Neurology & Pain Management Coding Alert

Modifier Madness:

Go Beyond 25 When You Need Another E/M Modifier

Global period questions dominate decisions on modifiers 24, 57.

Every practice is familiar with modifier 25 (Significant, separately identifiable evaluation and management service by the same physician or other qualified health care professional on the same day of the procedure or other service)—it seems like every time your provider performs an evaluation and management (E/M) service along with a significant, separately identifiable procedure, you’re supposed to slap modifier 25 on the E/M code to secure payment.

Not so fast: But that’s not always the case; depending on the situation, there are other E/M modifiers that you might need to employ to keep your coding compliant.

In fact, when your physician performs a significant and separately identifiable E/M service that falls within a procedure’s 90-day global period — a major procedure — modifier 25 is not appropriate. To ensure that you don’t miss out on payment due to using the wrong modifiers, check out the following primer on the alternative modifiers.

Modifier 24 Defined by Post-Op Period

Sometimes, a physician examines a patient within the 90-day global period of a major procedure, but for a different problem.

Although your providers won’t frequently perform surgeries with 90-day globals, it’s important to understand how to report these when they do arise.

For instance, suppose the physician performs procedure that carries a 90-day global period. A month later, the same physician sees the patient for a problem completely unrelated to the previous surgery. That might be when you call on modifier 24 (Unrelated evaluation and management service by the same physician or other qualified health care professional during a postoperative period).

When you report modifier 24, the E/M service must meet these criteria:

  • The E/M service occurs during the postoperative period of another procedure.
  • The current E/M service is unrelated to the previous procedure.
  • The same physician (or tax ID or same group and specialty) who performed the previous procedure provides the E/M.

Remember: Medicare and many other payers have very specific guidelines for what qualifies as “related” to the original procedure and what doesn’t. For instance, Medicare will always treat postoperative infections as related to (and therefore, included in the global surgical package of) the initial surgery — unless your provider must return the patient to the operating room (OR) to deal with an infection. Modifier 24 should only be used when the subsequent E/M service is unrelated to the original procedure.

Append Modifier 57 With Same-Day E/Ms, Surgeries

Occasionally, a physician wants to rush a patient into the OR as a result of an exam. When your physician decides to perform a minor procedure as a result of an E/M service, you append modifier 25. When it’s a major procedure the doctor performs the same or next day, you’ll call on modifier 57 (Decision for surgery).

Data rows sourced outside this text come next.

(* Let $D\ge1$, $f\in(0,1]$, and let $F=(F_{\alpha\beta})_{\alpha,\beta=1}^D$ be a real symmetric matrix with $f\le F_{\alpha\beta}\le1$ for all $\alpha,\beta$. Let $\{|\alpha\rangle\}$ be an orthonormal basis of $\mathbb C^D$ and define on $\mathbb C^D\otimes\mathbb C^D$ the operator $K=\frac1D\sum_{\alpha,\beta}F_{\alpha\beta}^2\,|\alpha,\alpha\rangle\langle\beta,\beta|$. Then $K$ has a unique (up to scalar) eigenvector $|\Psi\rangle=\sum_\alpha x_\alpha|\alpha,\alpha\rangle$ of largest eigenvalue $\lambda$, with all $x_\alpha>0$, $\max_\alpha x_\alpha/\min_\alpha x_\alpha\le 1/f^2$, and $f^2\le\lambda\le1$; moreover every other eigenvalue of $K$ is at most $(1-f^4)\lambda$. Consequently, for any real $a$, $\varepsilon>0$, the operator $M=a\,\mathbb I+\varepsilon^2 K$ (restricted to $\mathbb C^D\otimes\mathbb C^D$) has unique top eigenvector $|\Psi\rangle$ with eigenvalue $a+\varepsilon^2\lambda$, and spectral gap at least $\varepsilon^2f^4\lambda$. *)

theory Defs
  imports "HOL-Analysis.Analysis"
begin

text \<open>C^D is modelled as complex^'n with D = CARD('n); C^D (x) C^D as complex^('n \<times> 'n).\<close>

definition tensor :: "complex ^ 'n \<Rightarrow> complex ^ 'n \<Rightarrow> complex ^ ('n \<times> 'n)" where
  "tensor u v = (\<chi> p. u $ fst p * v $ snd p)"

definition outer :: "complex ^ 'm \<Rightarrow> complex ^ 'm \<Rightarrow> complex ^ 'm ^ 'm" where
  "outer u v = (\<chi> p q. u $ p * cnj (v $ q))"

text \<open>An orthonormal family indexed by 'n in complex^'n (hence an orthonormal basis).\<close>
definition orthonormal_family :: "('n::finite \<Rightarrow> complex ^ 'n) \<Rightarrow> bool" where
  "orthonormal_family b \<longleftrightarrow>
     (\<forall>\<alpha> \<beta>. (\<Sum>i\<in>UNIV. cnj (b \<alpha> $ i) * b \<beta> $ i) = (if \<alpha> = \<beta> then 1 else 0))"
(* Let $m,n$ be positive integers with $n \geq m$, and let $G = K_m \otimes K_n$. Then: (1) If $m=n=2$, then $G$ is disconnected. (2) If $m \geq 3$ and $n \leq 2m-2$, then $\dim(G) = \left\lceil \frac{2}{3}(m+n-2) \right\rceil$. (3) If $m \geq 2$ and $n \geq 2m-1$, then $\dim(G) = n-1$.
   Context: $K_r$ denotes the complete graph (clique) on $r$ vertices. The tensor product $G \otimes H$ of simple graphs $G,H$ has vertex set $V(G)\times V(H)$, with $(u,v)$ adjacent to $(x,y)$ if and only if $ux \in E(G)$ and $vy \in E(H)$. For a connected graph $G$ with distance function $d$, and an ordered set $W=\{w_1,\dots,w_k\}\subseteq V(G)$, the metric representation of a vertex $v$ is $r(v\mid W)=(d(v,w_1),\dots,d(v,w_k))$. $W$ is a resolving set if distinct vertices have distinct representations; the metric dimension $\dim(G)$ is the minimum cardinality of a resolving set. *)

theory Defs
  imports Complex_Main
begin

text \<open>A simple graph is given by a vertex set V and a symmetric irreflexive
adjacency relation E (only its restriction to V matters).\<close>

fun walk_of_len :: "'a set \<Rightarrow> ('a \<Rightarrow> 'a \<Rightarrow> bool) \<Rightarrow> nat \<Rightarrow> 'a \<Rightarrow> 'a \<Rightarrow> bool" where
  "walk_of_len V E 0 u v = (u \<in> V \<and> u = v)"
| "walk_of_len V E (Suc k) u v = (u \<in> V \<and> (\<exists>w\<in>V. E u w \<and> walk_of_len V E k w v))"

definition graph_connected :: "'a set \<Rightarrow> ('a \<Rightarrow> 'a \<Rightarrow> bool) \<Rightarrow> bool" where
  "graph_connected V E \<longleftrightarrow> (\<forall>u\<in>V. \<forall>v\<in>V. \<exists>k. walk_of_len V E k u v)"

You should append modifier 57 to an E/M service that occurs on the same day, or on the day before, a major surgical procedure, and which results in the physician’s decision to perform the surgery. Guidelines from the Centers for Medicare & Medicaid Services (CMS) identify a major surgical procedure as any procedure with a 90-day global period. Note that the global period for a major surgical procedure begins one day prior to the procedure itself.

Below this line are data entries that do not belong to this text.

(* Let $k$ be a field with $1/2\in k$, $R$ the local ring of ${\mathbb A}^1_k=\mathrm{Spec}\,k[t]$ at $t=0$, and $\mathfrak m=tR$. There is a well-defined group homomorphism $$\rho:K_2(R,\mathfrak m^2)\to \mathfrak m^2\Omega^1_{R/k}/\mathfrak m^3\Omega^1_{R/k}$$ determined on generators by $\rho\langle a,b\rangle=-a\,db$ if $a\in\mathfrak m^2$, $b\in R$, and $\rho\langle a,b\rangle=b\,da$ if $b\in\mathfrak m^2$, $a\in R$. Moreover $\rho$ is nonzero; e.g. $\rho\langle t^2,t\rangle=-t^2dt\neq 0$.
   Context: $\Omega^1_{R/k}$ is the module of K\"ahler differentials of $R$ over $k$; the target $\mathfrak m^2\Omega^1_{R/k}/\mathfrak m^3\Omega^1_{R/k}$ is a one-dimensional $k$-vector space with basis the class of $t^2dt$ (the paper identifies it with $\mathfrak m^3/\mathfrak m^4$). $K_2(R,\mathfrak m^2)$ is relative $K_2$; for $(a,b)\in(R\times\mathfrak m^2)\cup(\mathfrak m^2\times R)$, $\langle a,b\rangle$ is the Dennis–Stein (pointy bracket) symbol. $K_2(R,\mathfrak m^2)$ has the presentation: generators $\langle a,b\rangle$ for such pairs, relations $\langle a,b\rangle=-\langle b,a\rangle$ ($a\in\mathfrak m^2$); $\langle a,b\rangle+\langle a,c\rangle=\langle a,b+c-abc\rangle$ ($a\in\mathfrak m^2$, or $b,c\in\mathfrak m^2$); $\langle a,bc\rangle=\langle ab,c\rangle+\langle ac,b\rangle$ ($a\in\mathfrak m^2$). *)

theory Defs
  imports "HOL-Algebra.Free_Abelian_Groups" "HOL-Algebra.Generated_Groups" "HOL-Algebra.Coset"
    "HOL-Computational_Algebra.Polynomial_FPS"
begin

text \<open>The local ring R of the affine line at t = 0, realised inside k[[t]]
  (its completion, into which it embeds): elements p/q with q(0) nonzero.\<close>
definition Rloc :: "'k::field fps set" where
  "Rloc = {fps_of_poly p * inverse (fps_of_poly q) | p q. poly q 0 \<noteq> 0}"

definition mpow :: "nat \<Rightarrow> 'k::field fps set" where
  "mpow n = {fps_X ^ n * r | r. r \<in> Rloc}"

text \<open>Kaehler differentials: Omega^1_{R/k} = R dt, a differential x dt being
  represented by its coefficient x; the differential is d b = b' dt.\<close>
definition dR :: "'k::field fps \<Rightarrow> 'k fps" where
  "dR b = fps_deriv b"

definition OmG :: "'k::field fps monoid" where
  "OmG = \<lparr>carrier = mpow 2, monoid.mult = (+), one = 0\<rparr>"

definition OmQ :: "'k::field fps set monoid" where
  "OmQ = OmG Mod mpow 3"

definition omcls :: "'k::field fps \<Rightarrow> 'k fps set" where
  "omcls x = mpow 3 #>\<^bsub>OmG\<^esub> x"

definition DSgens :: "('k::field fps \<times> 'k fps) set" where
  "DSgens = {(a, b). (a \<in> Rloc \<and> b \<in> mpow 2) \<or> (a \<in> mpow 2 \<and> b \<in> Rloc)}"

definition FK :: "('k::field fps \<times> 'k fps \<Rightarrow>\<^sub>0 int) monoid" where
  "FK = free_Abelian_group DSgens"

definition DSrels :: "('k::field fps \<times> 'k fps \<Rightarrow>\<^sub>0 int) set" where
  "DSrels =
     {frag_of (a, b) + frag_of (b, a) | a b. a \<in> mpow 2 \<and> b \<in> Rloc}
   \<union> {frag_of (a, b) + frag_of (a, c) - frag_of (a, b + c - a * b * c) | a b c.
        (a \<in> mpow 2 \<and> b \<in> Rloc \<and> c \<in> Rloc) \<or> (a \<in> Rloc \<and> b \<in> mpow 2 \<and> c \<in> mpow 2)}
   \<union> {frag_of (a, b * c) - frag_of (a * b, c) - frag_of (a * c, b) | a b c.
        a \<in> mpow 2 \<and> b \<in> Rloc \<and> c \<in> Rloc}"
lemma hc_planted_error_sum_bound:
  assumes P: "prob_space P" and Q: "prob_space Q" and "sets Q = sets P"
    and "absolutely_continuous P Q" and S: "S \<in> hc_subsets n k"
  shows "error_sum_bound (overlap P Q ^ k\<^sup>2) (hc_null P n) (hc_planted P Q n S)"
proof -
  interpret P: prob_space P by (fact P)
  let ?c = "\<lambda>e. if e \<in> hc_edges_of S then overlap P Q else 1"
  have "error_sum_bound (\<Prod>e\<in>hc_edges n. ?c e) (hc_null P n) (hc_planted P Q n S)"
    unfolding hc_null_def hc_planted_def
    using P Q assms(3,4) finite_hc_edges P.error_sum_bound_overlap P.error_sum_bound_self
    by (intro error_sum_bound_PiM) (auto simp: prob_space_imp_sigma_finite)
  moreover have "overlap P Q ^ k\<^sup>2 \<le> (\<Prod>e\<in>hc_edges n. ?c e)"
  proof -
    have "finite S" "card S = k"
      using S by (auto simp: hc_subsets_def intro: finite_subset)
    then have "card (hc_edges n \<inter> hc_edges_of S) \<le> k\<^sup>2"
      using card_hc_edges_of_le[of S] finite_subset[OF hc_edges_of_subset]
      by (metis card_mono finite_SigmaI inf_le2 le_trans)
    then show ?thesis
      using finite_hc_edges P.overlap_le_1
      by (simp add: prod.If_cases Int_def power_decreasing)
  qed
  ultimately show ?thesis by (rule error_sum_bound_mono)
qed

lemma finite_hc_subsets: "finite (hc_subsets n k)"
  unfolding hc_subsets_def by (rule finite_subset[of _ "Pow {1..n}"]) auto

lemma hc_subsets_nonempty: "k \<le> n \<Longrightarrow> hc_subsets n k \<noteq> {}"
  unfolding hc_subsets_def by (auto intro!: exI[of _ "{1..k}"])

lemma overlap_power_le_hc_risk:
  assumes P: "prob_space P" and Q: "prob_space Q" and "sets Q = sets P"
    and "absolutely_continuous P Q" and "k \<le> n"
    and T: "T \<in> measurable (hc_null P n) (count_space UNIV)"
  shows "enn2real (overlap P Q) ^ k\<^sup>2 \<le> hc_risk P Q n k T"
proof -
  let ?\<delta> = "enn2real (overlap P Q) ^ k\<^sup>2"
  let ?A = "{x \<in> space (hc_null P n). T x}"
  let ?\<SS> = "hc_subsets n k"
  have A: "?A \<in> sets (hc_null P n)"
    using measurable_sets[OF T, of "{True}"] by (simp add: vimage_def Int_def conj_commute)
  have complement: "{x \<in> space (hc_null P n). \<not> T x} = space (hc_null P n) - ?A"
    by auto
  have per_subset: "?\<delta> \<le> measure (hc_null P n) ?A + measure (hc_planted P Q n S) (space (hc_null P n) - ?A)"
    if "S \<in> ?\<SS>" for S
  proof -
    have "prob_space (hc_null P n)" "prob_space (hc_planted P Q n S)"
      unfolding hc_null_def hc_planted_def using P Q finite_hc_edges by (auto intro!: prob_space_PiM)
    moreover have "sets (hc_planted P Q n S) = sets (hc_null P n)"
      unfolding hc_planted_def hc_null_def using assms(3) by (intro sets_PiM_cong) auto
    ultimately show ?thesis
      using hc_planted_error_sum_bound[OF P Q assms(3,4) that] A
      by (subst enn2real_power[symmetric])
         (intro error_sum_bound_measure prob_space.finite_measure)
  qed
  have "real (card ?\<SS>) * ?\<delta> = (\<Sum>S\<in>?\<SS>. ?\<delta>)"
    by simp
  also have "\<dots> \<le> (\<Sum>S\<in>?\<SS>. measure (hc_null P n) ?A
      + measure (hc_planted P Q n S) (space (hc_null P n) - ?A))"
    by (rule sum_mono) (rule per_subset)
  also have "\<dots> = real (card ?\<SS>) * measure (hc_null P n) ?A
      + (\<Sum>S\<in>?\<SS>. measure (hc_planted P Q n S) (space (hc_null P n) - ?A))"
    by (simp add: sum.distrib)
  finally have "real (card ?\<SS>) * ?\<delta> \<le> \<dots>" .
  moreover have "0 < real (card ?\<SS>)"
    using finite_hc_subsets hc_subsets_nonempty[OF assms(5)] by (simp add: card_gt_0_iff)
  ultimately show ?thesis
    unfolding hc_risk_def hc_alt_prob_def complement by (simp add: field_simps)
qed

lemma overlap_power_le_hc_opt_risk:
  assumes "prob_space P" "prob_space Q" "sets Q = sets P"
    and "absolutely_continuous P Q" "k \<le> n"
  shows "enn2real (overlap P Q) ^ k\<^sup>2 \<le> hc_opt_risk P Q n k"
proof -
  have "\<exists>T. T \<in> measurable (hc_null P n) (count_space UNIV)"
    by (rule exI, rule measurable_const) simp
  then show ?thesis
    unfolding hc_opt_risk_def ex_in_conv by (rule cINF_greatest) (rule overlap_power_le_hc_risk[OF assms])
qed

lemma filterlim_at_top_if_power_tendsto_0:
  fixes \<delta> :: real
  assumes "0 < \<delta>" and "((\<lambda>x. \<delta> ^ f x) \<longlongrightarrow> 0) F"
  shows "filterlim f at_top F"
  unfolding filterlim_at_top
proof
  fix K
  have "\<forall>\<^sub>F x in F. \<delta> ^ f x < min 1 (\<delta> ^ K)"
    using assms by (intro order_tendstoD(2)) auto
  then show "\<forall>\<^sub>F x in F. K \<le> f x"
  proof eventually_elim
    case (elim x)
    have "\<delta> < 1"
    proof (rule ccontr)
      assume "\<not> \<delta> < 1"
      then have "1 \<le> \<delta> ^ f x" by (simp add: one_le_power)
      with elim show False by simp
    qed
    with elim assms(1) show ?case by simp
  qed
qed

lemma filterlim_at_top_if_power2:
  fixes f :: "'a \<Rightarrow> nat"
  assumes "filterlim (\<lambda>x. (f x)\<^sup>2) at_top F"
  shows "filterlim f at_top F"
  unfolding filterlim_at_top
proof
  fix K
  have "\<forall>\<^sub>F x in F. K\<^sup>2 \<le> (f x)\<^sup>2"
    using assms unfolding filterlim_at_top by (rule spec)
  then show "\<forall>\<^sub>F x in F. K \<le> f x"
    by eventually_elim (rule power2_le_imp_le, simp_all)
qed

theorem mainTheorem2:
  fixes P Q :: "real measure" and k :: "nat \<Rightarrow> nat"
  assumes "prob_space P" and "prob_space Q"
    and "sets P = sets borel" and "sets Q = sets borel"
    and "absolutely_continuous P Q"
    and "\<And>n. n \<ge> 2 \<Longrightarrow> 2 \<le> k n \<and> k n \<le> n"
    and "(\<lambda>n. hc_opt_risk P Q n (k n)) \<longlonglongrightarrow> 0"
  shows "filterlim k at_top sequentially"
proof -
  have sets_eq: "sets Q = sets P" using assms(3,4) by simp
  define \<delta> where "\<delta> = enn2real (overlap P Q)"
  have "0 < \<delta>"
    unfolding \<delta>_def using assms(1,2) sets_eq assms(5) by (rule enn2real_overlap_pos)
  have "\<forall>\<^sub>F n in sequentially. \<delta> ^ (k n)\<^sup>2 \<le> hc_opt_risk P Q n (k n)"
    using eventually_ge_at_top[of 2]
  proof eventually_elim
    case (elim n)
    then show ?case
      unfolding \<delta>_def using assms(6)[OF elim] by (intro overlap_power_le_hc_opt_risk assms(1,2,5) sets_eq) simp
  qed
  then have "(\<lambda>n. \<delta> ^ (k n)\<^sup>2) \<longlonglongrightarrow> 0"
    using \<open>0 < \<delta>\<close> by (intro tendsto_sandwich[OF _ _ tendsto_const assms(7)]) auto
  with \<open>0 < \<delta>\<close> have "filterlim (\<lambda>n. (k n)\<^sup>2) at_top sequentially"
    by (rule filterlim_at_top_if_power_tendsto_0)
  then show ?thesis
    by (rule filterlim_at_top_if_power2)
qed

end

Direct from the source: The Medicare Claims Processing Manual, Chapter 12, Section 30.6.6.C, instructs carriers to “pay for an evaluation and management service on the day of or on the day before a procedure with a 90-day global surgical period if the physician uses CPT® modifier 57 to indicate that the service resulted in the decision to perform the procedure.”

Don’t look for a loophole: Scheduling pre-op services two or more days before surgery will not necessarily make the services payable without a modifier. Insurers may consider such services to be screening exams unless there is some specific indication, such as hypertension or diabetes. The documentation for these visits must substantiate medical necessity and not just a routine requirement of the physician or the hospital.

To properly append modifier 57, remember that the E/M service must be related to the procedure that follows; and the same physician (or tax ID) must provide the E/M service and the surgical procedure.